*** Extracted information ***
lemma component_Lambda_meets_line:
  assumes "x \<in> Lambda_minus f c i"
  shows "connected_component_set (Lambda_minus f c i) x \<inter> hline (c (Suc i)) \<noteq> {}"
  unfolding Lambda_minus_eq_Suc
proof (rule connected_component_Inter_meets)
  show "closed (hline (c (Suc i)))"
    unfolding hline_def by (intro closed_Collect_eq continuous_intros)
  show "approx (Suc n) \<subseteq> approx (Suc m)" if "m \<le> n" for m n
    using that by (intro approx_antimono) simp
  show "compact (connected_component_set (approx (Suc n)) x)" for n
    using approx_antimono[of 1 "Suc n"] by (intro compact_component_subset_approx_1 closed_approx) simp
  show "connected_component_set (approx (Suc n)) x \<inter> hline (c (Suc i)) \<noteq> {}" for n
    using assms Lambda_minus_subset_approx by (intro component_approx_meets_line) blast
qed

lemma g_Lambda_minus: "g ` Lambda_minus f c i \<subseteq> Lambda_minus f c i"
proof -
  have "g u \<in> approx n" if u: "u \<in> Lambda_minus f c i" for u n
  proof -
    have "u \<in> approx (Suc n)" using u Lambda_minus_subset_approx by blast
    then obtain p where p: "snd p \<le> c i" "u = (f ^^ Suc n) p" "c (Suc i) \<le> snd u"
      unfolding approx_def by blast
    have "g u = (f ^^ n) p" using p(2) by simp
    moreover have "c (Suc i) \<le> snd (g u)"
      using snd_f_lt[OF c_i(4), of "g u"] p(3) by force
    ultimately show ?thesis using p(1) by (auto simp: approx_def)
  qed
  then show ?thesis by (auto simp: Lambda_minus_eq)
qed

lemma inv_image_component_Lambda:
  "inv f ` connected_component_set (Lambda_minus f c i) x
     \<subseteq> connected_component_set (Lambda_minus f c i) (inv f x)"
proof (cases "x \<in> Lambda_minus f c i")
  case True
  show ?thesis
    unfolding inv_f_eq_g
  proof (rule connected_component_maximal)
    show "g x \<in> g ` connected_component_set (Lambda_minus f c i) x"
      using True by (simp add: connected_component_refl)
    show "connected (g ` connected_component_set (Lambda_minus f c i) x)"
      by (intro connected_continuous_image continuous_on_g connected_connected_component)
    show "g ` connected_component_set (Lambda_minus f c i) x \<subseteq> Lambda_minus f c i"
      using g_Lambda_minus connected_component_subset by blast
  qed
next
  case False
  then have "connected_component_set (Lambda_minus f c i) x = {}"
    by (metis connected_component_eq_empty)
  then show ?thesis by (metis image_empty empty_subsetI)
qed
*** End of Extracted information ***
**Task brief**
Please copy out each line of the listing above that contains the string "True".

**Solution to the exercise**
  case True
      using True by (simp add: connected_component_refl)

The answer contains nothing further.